> _Work task_
Go through the material and copy each line in which the word "card" shows up.

> _Recorded data_

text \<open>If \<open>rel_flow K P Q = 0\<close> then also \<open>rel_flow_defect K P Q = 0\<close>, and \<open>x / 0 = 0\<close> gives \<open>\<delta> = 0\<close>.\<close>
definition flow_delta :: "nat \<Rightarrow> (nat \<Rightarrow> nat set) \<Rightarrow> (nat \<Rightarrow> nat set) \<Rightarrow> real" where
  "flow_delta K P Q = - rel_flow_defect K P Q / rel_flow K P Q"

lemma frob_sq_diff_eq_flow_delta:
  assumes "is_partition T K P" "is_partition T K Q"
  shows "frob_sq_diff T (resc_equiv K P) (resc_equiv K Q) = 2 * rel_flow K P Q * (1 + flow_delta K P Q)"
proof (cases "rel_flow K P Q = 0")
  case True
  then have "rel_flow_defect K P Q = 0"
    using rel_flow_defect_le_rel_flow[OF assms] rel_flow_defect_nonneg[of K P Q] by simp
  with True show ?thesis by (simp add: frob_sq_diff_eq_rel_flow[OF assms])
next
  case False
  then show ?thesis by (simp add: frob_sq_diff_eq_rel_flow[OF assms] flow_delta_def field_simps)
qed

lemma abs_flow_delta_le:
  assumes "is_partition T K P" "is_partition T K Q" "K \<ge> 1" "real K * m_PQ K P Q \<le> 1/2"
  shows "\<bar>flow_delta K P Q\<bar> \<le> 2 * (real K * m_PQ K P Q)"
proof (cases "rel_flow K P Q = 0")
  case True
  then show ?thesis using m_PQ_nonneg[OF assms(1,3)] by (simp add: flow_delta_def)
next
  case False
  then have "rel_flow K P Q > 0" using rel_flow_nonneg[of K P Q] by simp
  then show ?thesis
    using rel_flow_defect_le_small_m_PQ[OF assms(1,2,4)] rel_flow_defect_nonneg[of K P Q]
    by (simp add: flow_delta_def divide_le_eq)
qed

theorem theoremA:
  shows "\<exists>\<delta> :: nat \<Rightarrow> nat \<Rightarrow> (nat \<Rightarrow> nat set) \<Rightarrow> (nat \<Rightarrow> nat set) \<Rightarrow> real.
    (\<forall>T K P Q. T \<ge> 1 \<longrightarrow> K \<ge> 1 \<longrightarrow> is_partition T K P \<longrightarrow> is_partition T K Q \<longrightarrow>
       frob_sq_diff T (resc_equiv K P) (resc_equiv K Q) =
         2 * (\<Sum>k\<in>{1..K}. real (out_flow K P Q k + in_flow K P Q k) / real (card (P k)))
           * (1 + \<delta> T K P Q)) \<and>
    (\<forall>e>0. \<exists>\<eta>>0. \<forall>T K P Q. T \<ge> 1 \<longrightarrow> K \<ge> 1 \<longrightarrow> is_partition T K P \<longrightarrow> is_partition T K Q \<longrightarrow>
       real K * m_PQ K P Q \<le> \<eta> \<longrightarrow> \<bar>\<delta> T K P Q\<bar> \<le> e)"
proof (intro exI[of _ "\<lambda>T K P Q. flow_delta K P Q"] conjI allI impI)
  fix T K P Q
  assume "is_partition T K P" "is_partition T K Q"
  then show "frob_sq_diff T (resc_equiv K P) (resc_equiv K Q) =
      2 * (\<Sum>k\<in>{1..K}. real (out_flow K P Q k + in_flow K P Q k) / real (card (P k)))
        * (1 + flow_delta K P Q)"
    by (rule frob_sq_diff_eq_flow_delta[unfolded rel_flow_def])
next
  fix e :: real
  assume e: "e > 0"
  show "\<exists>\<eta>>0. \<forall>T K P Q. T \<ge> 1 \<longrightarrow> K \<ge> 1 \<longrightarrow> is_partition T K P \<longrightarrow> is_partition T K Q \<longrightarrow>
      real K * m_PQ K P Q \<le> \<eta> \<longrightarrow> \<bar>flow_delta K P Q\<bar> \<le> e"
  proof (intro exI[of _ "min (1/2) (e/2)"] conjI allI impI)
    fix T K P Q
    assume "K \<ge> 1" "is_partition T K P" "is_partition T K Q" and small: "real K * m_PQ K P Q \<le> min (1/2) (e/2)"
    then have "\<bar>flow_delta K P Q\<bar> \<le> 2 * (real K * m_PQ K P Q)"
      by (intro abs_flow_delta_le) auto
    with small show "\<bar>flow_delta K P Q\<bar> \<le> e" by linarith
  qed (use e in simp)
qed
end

> _Response to the task_
         2 * (\<Sum>k\<in>{1..K}. real (out_flow K P Q k + in_flow K P Q k) / real (card (P k)))
      2 * (\<Sum>k\<in>{1..K}. real (out_flow K P Q k + in_flow K P Q k) / real (card (P k)))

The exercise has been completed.